I originally focused too much on finished projects, but that weakened the main product idea. Devmaniac makes more sense as a live project tracker because the real value is documenting what developers are actively learning and building.
That is a strong journal because it shows reflection and product direction.
What makes a good journal?
A good journal is specific, readable, and connected to the project.
It should usually answer:
- What changed?
- Why did it matter?
- What problem did you face?
- How did you solve it?
- What did you learn?
- What comes next?
You do not need to answer every question every time. But the update should give enough context to be useful later.

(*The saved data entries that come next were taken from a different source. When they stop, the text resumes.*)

(* Let $b(\lambda)=\frac14\lambda^4+\frac12p\lambda^2+q\lambda$ with $p<0$, $q\in\mathbb{R}$, let $b^*(\eta)=\sup_{\lambda}[\eta\lambda-b(\lambda)]$, and $A(x,r,\eta)=b(x)+b(r)-\eta(x+r)+2b^*(\eta)$. Fix $x$ with $|x|>\sqrt{-p}$ and let $\eta_0=x^3+px+q$ (the unique $\eta$ at which $\lambda\mapsto\eta\lambda-b(\lambda)$ attains its global maximum at $\lambda=x$). Then for all $\eta\in\mathbb{R}$, $$A(x,x,\eta)\approx(\eta-\eta_0)^2(1+|\eta|)^{-2/3},$$ with implied constants independent of $\eta$.
   Context: $X\approx Y$ means $cY\le X\le c^{-1}Y$ for some $c>0$ independent of $\eta$ (it may depend on $x,p,q$). *)

theory Defs
  imports Complex_Main
begin

definition bfun :: "real \<Rightarrow> real \<Rightarrow> real \<Rightarrow> real" where
  "bfun p q l = (1/4) * l^4 + (1/2) * p * l^2 + q * l"

definition bstar :: "real \<Rightarrow> real \<Rightarrow> real \<Rightarrow> real" where
  "bstar p q \<eta> = (SUP l::real. \<eta> * l - bfun p q l)"

definition Afun :: "real \<Rightarrow> real \<Rightarrow> real \<Rightarrow> real \<Rightarrow> real \<Rightarrow> real" where
  "Afun p q x r \<eta> = bfun p q x + bfun p q r - \<eta> * (x + r) + 2 * bstar p q \<eta>"

end

theory Submission
  imports Defs
begin

text \<open>
  Write \<open>\<eta>\<^sub>0 = b'(x)\<close>. The tangent gap \<open>G(t) = b(x+t) - b(x) - \<eta>\<^sub>0 t\<close> equals
  \<open>t\<^sup>2 ((t+2x)\<^sup>2 + 2(x\<^sup>2+p))/4\<close>, which is comparable to \<open>t\<^sup>2 + t\<^sup>4\<close> precisely because
  \<open>x\<^sup>2 + p > 0\<close>. Substituting \<open>\<lambda> = x + t\<close> in the supremum defining \<open>b\<^sup>*\<close> gives
  \<open>A(x,x,\<eta>) = 2 sup\<^sub>t ((\<eta> - \<eta>\<^sub>0) t - G(t))\<close>. With \<open>e = |\<eta> - \<eta>\<^sub>0|\<close>, the supremum of
  \<open>e s - s\<^sup>2 - s\<^sup>4\<close> over \<open>s \<ge> 0\<close> is of order \<open>e\<^sup>2\<close> for small \<open>e\<close> (optimum \<open>s \<approx> e\<close>) and of
  order \<open>e powr (4/3)\<close> for large \<open>e\<close> (optimum \<open>s \<approx> e powr (1/3)\<close>), i.e. of order
  \<open>e\<^sup>2 (1 + e) powr (-2/3)\<close> throughout. Finally, Peetre's inequality makes the weights
  \<open>(1 + |\<eta> - \<eta>\<^sub>0|) powr (-2/3)\<close> and \<open>(1 + |\<eta>|) powr (-2/3)\<close> comparable.
\<close>

definition comparable :: "('a \<Rightarrow> real) \<Rightarrow> ('a \<Rightarrow> real) \<Rightarrow> bool" where
  "comparable f g \<longleftrightarrow> (\<exists>c>0. \<forall>x. c * g x \<le> f x \<and> f x \<le> (1/c) * g x)"

lemma comparable_trans:
  assumes "comparable f g" and "comparable g h"
  shows "comparable f h"
proof -
  obtain c where c: "0 < c" "\<And>x. c * g x \<le> f x" "\<And>x. f x \<le> (1/c) * g x"
    using assms(1) unfolding comparable_def by blast
  obtain d where d: "0 < d" "\<And>x. d * h x \<le> g x" "\<And>x. g x \<le> (1/d) * h x"
    using assms(2) unfolding comparable_def by blast
  have "c*d * h x \<le> f x \<and> f x \<le> (1/(c*d)) * h x" for x
  proof
    have "c*d * h x \<le> c * g x" using c(1) d(2)[of x] by (simp add: mult.assoc mult_left_mono)
    then show "c*d * h x \<le> f x" using c(2)[of x] by linarith
    have "(1/c) * g x \<le> (1/c) * ((1/d) * h x)" using c(1) by (intro mult_left_mono d(3)) simp
    moreover have "(1/c) * ((1/d) * h x) = (1/(c*d)) * h x" by simp
    ultimately show "f x \<le> (1/(c*d)) * h x" using c(3)[of x] by linarith
  qed
  then show ?thesis unfolding comparable_def using c(1) d(1) by (intro exI[of _ "c*d"]) auto
qed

What makes a weak journal?
Weak journals are usually too vague.
Avoid updates like:
- Worked on backend
- Fixed stuff
- Made UI better
- More progress today
- Changed code
Those updates technically say something happened, but they do not explain anything useful.
Better:
I changed the project author response shape because the frontend needed follower counts for profile previews. The old response was missing the field, which caused a TypeScript error. I updated the schema and adjusted the frontend type.
How journals become proof of work
One journal is just one update. Many journals become a public timeline.
Over time, journals can show:
- Consistency
- Technical improvement
- Problem-solving
- Product decisions
- Debugging ability
- Shipping behavior
- Learning through real projects
This is why journals matter. They turn hidden effort into visible proof.
Simple journal template
Use this when you do not know what to write:
Today I worked on [feature or task]. I did this because [reason]. The main change was [what changed]. I ran into [problem]. I solved it by [solution]. Next, I plan to work on [next step].
Example:
Today I worked on the journal timeline for live projects. I did this because users need a clear way to see project progress over time. The main change was displaying entries in order with type labels and dates. I ran into a layout issue on mobile. I solved it by adjusting the card spacing and responsive styles. Next, I plan to add reactions and replies.
How often should you post journals?
Post when something meaningful happens.
You do not need to post every tiny change. But if you are actively building, a few useful updates per week can make the project feel alive.
Good moments to post:
- After building a feature
- After fixing a bug
- After deploying
- After making a technical decision
- After receiving useful feedback
- After changing the direction of the project
- After reaching a milestone
What not to include in journals
Do not include sensitive information.
Avoid posting:
- API keys
- Passwords
- Database URLs
- Private user data
- Security-sensitive implementation details
- Client information you do not have permission to share
Document progress, not secrets. Public building should not become public self-sabotage. ðŸ˜
The core idea
A live project journal should answer:
What changed in this project, why did it matter, and what does this show about my progress?
If your journal answers that, it is useful.